**DESCRIPTION OF THE TASK:**
Lines below that hold the word "rule" must be copied in full.

=======

lemma euler_homogeneous:
  fixes g :: "real^'n \<Rightarrow> real"
  assumes hom: "\<And>t. t > 0 \<Longrightarrow> g (t *\<^sub>R y) = t ^ a * g y"
    and dy: "(g has_derivative (\<lambda>h. \<Sum>k\<in>UNIV. G k * h $ k)) (at y)"
  shows "(\<Sum>k\<in>UNIV. G k * y $ k) = a * g y"
proof -
  have "((\<lambda>t::real. t *\<^sub>R y) has_derivative (\<lambda>h. h *\<^sub>R y)) (at 1)"
    by (rule has_derivative_scaleR_left[OF has_derivative_ident])
  moreover have "(g has_derivative (\<lambda>h. \<Sum>k\<in>UNIV. G k * h $ k)) (at ((\<lambda>t::real. t *\<^sub>R y) 1))"
    using dy by simp
  ultimately have "((\<lambda>t. g (t *\<^sub>R y)) has_derivative (\<lambda>h. \<Sum>k\<in>UNIV. G k * (h *\<^sub>R y) $ k)) (at 1)"
    unfolding o_def[symmetric] by (rule has_derivative_compose)
  then have "((\<lambda>t. t ^ a * g y) has_derivative (\<lambda>h. \<Sum>k\<in>UNIV. G k * (h *\<^sub>R y) $ k)) (at 1)"
    by (rule has_derivative_transform_within_open[where s = "{0<..}"]) (simp_all add: hom)
  moreover have "((\<lambda>t. t ^ a * g y) has_derivative (\<lambda>h. h * (a * g y))) (at (1::real))"
    by (auto intro!: derivative_eq_intros)
  ultimately have "(\<lambda>h. \<Sum>k\<in>UNIV. G k * (h *\<^sub>R y) $ k) = (\<lambda>h. h * (a * g y))"
    by (rule has_derivative_unique)
  from fun_cong[OF this, of 1] show ?thesis by simp
qed

locale homogeneous_partials =
  fixes f :: "real^'n \<Rightarrow> real" and D :: "'n list \<Rightarrow> real^'n \<Rightarrow> real"
  assumes D_Nil: "D [] = f"
    and D_Cons: "\<And>ks y. y \<noteq> 0 \<Longrightarrow> (D ks has_derivative (\<lambda>h. \<Sum>i\<in>UNIV. D (i # ks) y * h $ i)) (at y)"
    and homogeneous: "\<And>y t. t > 0 \<Longrightarrow> f (t *\<^sub>R y) = t * f y"
begin

lemma has_derivative_f: "y \<noteq> 0 \<Longrightarrow> (f has_derivative (\<lambda>h. \<Sum>i\<in>UNIV. D [i] y * h $ i)) (at y)"
  using D_Cons[of y "[]"] by (simp add: D_Nil)

lemma grad_E_eq:
  assumes "y \<noteq> 0"
  shows "grad_E f y $ i = f y * D [i] y"
proof -
  have "((\<lambda>z. (f z)\<^sup>2 / 2) has_derivative (\<lambda>h. f y * (\<Sum>k\<in>UNIV. D [k] y * h $ k))) (at y)"
    using has_derivative_f[OF assms] by (auto intro!: derivative_eq_intros)
  then show ?thesis
    by (simp add: grad_E_def frechet_derivative_at[symmetric])
qed

lemma fund_tensor_eq:
  assumes "y \<noteq> 0"
  shows "fund_tensor f y $ i $ j = D [j] y * D [i] y + f y * D [j, i] y"
proof -
  have "((\<lambda>z. f z * D [i] z) has_derivative
      (\<lambda>h. f y * (\<Sum>k\<in>UNIV. D [k, i] y * h $ k) + (\<Sum>k\<in>UNIV. D [k] y * h $ k) * D [i] y)) (at y)"
    using has_derivative_mult[OF has_derivative_f[OF assms] D_Cons[OF assms, of "[i]"]] by simp
  then have "((\<lambda>z. grad_E f z $ i) has_derivative
      (\<lambda>h. f y * (\<Sum>k\<in>UNIV. D [k, i] y * h $ k) + (\<Sum>k\<in>UNIV. D [k] y * h $ k) * D [i] y)) (at y)"
    by (rule has_derivative_transform_within_open[where s = "- {0}"])
      (simp_all add: assms grad_E_eq open_Compl)
  then show ?thesis
    by (simp add: fund_tensor_def frechet_derivative_at[symmetric])
qed

lemma transpose_fund_tensor:
  assumes "y \<noteq> 0"
  shows "transpose (fund_tensor f y) = fund_tensor f y"
proof -
  have "isCont (D [j, i]) z" if "z \<noteq> 0" for i j z
    using D_Cons[OF that, of "[j, i]"] has_derivative_continuous by blast
  then have "D [j, i] y = D [i, j] y" for i j
    using assms D_Cons has_derivative_f
    by (intro symmetric_second_partials[where U = "- {0}" and g = f and ?g1.0 = "\<lambda>k. D [k]"
          and ?g2.0 = "\<lambda>k i. D [k, i]"]) (auto simp: open_Compl)
  then show ?thesis
    by (simp add: vec_eq_iff transpose_def fund_tensor_eq[OF assms] mult.commute)
qed

lemma partial_scaleR:
  assumes "y \<noteq> 0" and "t > 0"
  shows "D [i] (t *\<^sub>R y) = D [i] y"
  using partial_derivative_homogeneous[where g = f and G = "\<lambda>k. D [k]" and c = t, OF assms(2,1)]
    homogeneous has_derivative_f assms by simp

lemma second_partial_scaleR:
  assumes "y \<noteq> 0" and "t > 0"
  shows "t * D [j, i] (t *\<^sub>R y) = D [j, i] y"
  using partial_derivative_homogeneous[where g = "D [i]" and G = "\<lambda>k. D [k, i]" and c = 1, OF assms(2,1)]
    partial_scaleR D_Cons assms by simp

lemma fund_tensor_scaleR:
  assumes "y \<noteq> 0" and "t > 0"
  shows "fund_tensor f (t *\<^sub>R y) = fund_tensor f y"
proof -
  have "f (t *\<^sub>R y) * D [j, i] (t *\<^sub>R y) = f y * D [j, i] y" for i j
    using second_partial_scaleR[OF assms, of j i] by (simp add: homogeneous[OF assms(2)] mult.assoc)
  with assms show ?thesis
    by (simp add: vec_eq_iff fund_tensor_eq partial_scaleR)
qed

=======

**SOLUTION TO THE PROBLEM:**
    by (rule has_derivative_scaleR_left[OF has_derivative_ident])
    unfolding o_def[symmetric] by (rule has_derivative_compose)
    by (rule has_derivative_transform_within_open[where s = "{0<..}"]) (simp_all add: hom)
    by (rule has_derivative_unique)
    by (rule has_derivative_transform_within_open[where s = "- {0}"])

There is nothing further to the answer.